> **Your instructions**
Please write back every entry exactly, character for character.

[Collected data]
Start of Block

(* For the model $\dot S=\Lambda-F_1(S,I_1)-F_2(S,I_2)-\lambda S$, $\dot V_1=rS-(\mu+kI_2)V_1$, $\dot I_1=F_1(S,I_1)-\alpha_1I_1$, $\dot I_2=F_2(S,I_2)+kI_2V_1-\alpha_2I_2$, the closed set $\Omega_1=\{(S,V_1,I_1,I_2)\in\Omega : S\le S^0,\ V_1\le V_1^0\}$ is positively invariant.
   Context: The state is $(S,V_1,I_1,I_2)\in\mathbb{R}^4_+$. The constants $\Lambda,\mu,r,k,\gamma_1,\gamma_2>0$ and $v_1,v_2\ge0$; $\lambda=r+\mu$ and $\alpha_i=\gamma_i+v_i+\mu$. For $i=1,2$ the incidence functions satisfy: (H1) $F_i(S,I_i)=I_if_i(S,I_i)$ with $F_i,f_i\in C^2(\mathbb{R}^2_+,\mathbb{R}_+)$ and $F_i(0,I_i)=F_i(S,0)=0$; (H2) $\partial f_i/\partial S>0$ and $\partial f_i/\partial I_i\le0$ on $\mathbb{R}^2_+$; (H3) $\lim_{I_i\to0^+}F_i(S,I_i)/I_i$ exists and is positive for $S>0$. Here $\Omega=\{(S,V_1,I_1,I_2)\in\mathbb{R}^4_+: S+V_1+I_1+I_2\le\Lambda/\mu\}$, $S^0=\Lambda/\lambda$ and $V_1^0=r\Lambda/(\mu\lambda)$. *)

theory Defs
  imports "HOL-Analysis.Analysis"
begin

definition quad2 :: "(real \<times> real) set" where
  "quad2 = {p. 0 \<le> fst p \<and> 0 \<le> snd p}"

text \<open>g is of class C^2 on the set A: twice Frechet differentiable with
  continuous second derivative on some open set containing A
  (the usual meaning of C^2 on a closed set such as the quadrant).\<close>
definition C2_on :: "(real \<times> real) set \<Rightarrow> (real \<times> real \<Rightarrow> real) \<Rightarrow> bool" where
  "C2_on A g \<longleftrightarrow> (\<exists>U g' g''. open U \<and> A \<subseteq> U \<and>
      (\<forall>x\<in>U. (g has_derivative blinfun_apply (g' x)) (at x)) \<and>
      (\<forall>x\<in>U. (g' has_derivative blinfun_apply (g'' x)) (at x)) \<and>
      continuous_on U g'')"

End of Block

> **Written answer**
(* For the model $\dot S=\Lambda-F_1(S,I_1)-F_2(S,I_2)-\lambda S$, $\dot V_1=rS-(\mu+kI_2)V_1$, $\dot I_1=F_1(S,I_1)-\alpha_1I_1$, $\dot I_2=F_2(S,I_2)+kI_2V_1-\alpha_2I_2$, the closed set $\Omega_1=\{(S,V_1,I_1,I_2)\in\Omega : S\le S^0,\ V_1\le V_1^0\}$ is positively invariant.
   Context: The state is $(S,V_1,I_1,I_2)\in\mathbb{R}^4_+$. The constants $\Lambda,\mu,r,k,\gamma_1,\gamma_2>0$ and $v_1,v_2\ge0$; $\lambda=r+\mu$ and $\alpha_i=\gamma_i+v_i+\mu$. For $i=1,2$ the incidence functions satisfy: (H1) $F_i(S,I_i)=I_if_i(S,I_i)$ with $F_i,f_i\in C^2(\mathbb{R}^2_+,\mathbb{R}_+)$ and $F_i(0,I_i)=F_i(S,0)=0$; (H2) $\partial f_i/\partial S>0$ and $\partial f_i/\partial I_i\le0$ on $\mathbb{R}^2_+$; (H3) $\lim_{I_i\to0^+}F_i(S,I_i)/I_i$ exists and is positive for $S>0$. Here $\Omega=\{(S,V_1,I_1,I_2)\in\mathbb{R}^4_+: S+V_1+I_1+I_2\le\Lambda/\mu\}$, $S^0=\Lambda/\lambda$ and $V_1^0=r\Lambda/(\mu\lambda)$. *)

theory Defs
  imports "HOL-Analysis.Analysis"
begin

definition quad2 :: "(real \<times> real) set" where
  "quad2 = {p. 0 \<le> fst p \<and> 0 \<le> snd p}"

text \<open>g is of class C^2 on the set A: twice Frechet differentiable with
  continuous second derivative on some open set containing A
  (the usual meaning of C^2 on a closed set such as the quadrant).\<close>
definition C2_on :: "(real \<times> real) set \<Rightarrow> (real \<times> real \<Rightarrow> real) \<Rightarrow> bool" where
  "C2_on A g \<longleftrightarrow> (\<exists>U g' g''. open U \<and> A \<subseteq> U \<and>
      (\<forall>x\<in>U. (g has_derivative blinfun_apply (g' x)) (at x)) \<and>
      (\<forall>x\<in>U. (g' has_derivative blinfun_apply (g'' x)) (at x)) \<and>
      continuous_on U g'')"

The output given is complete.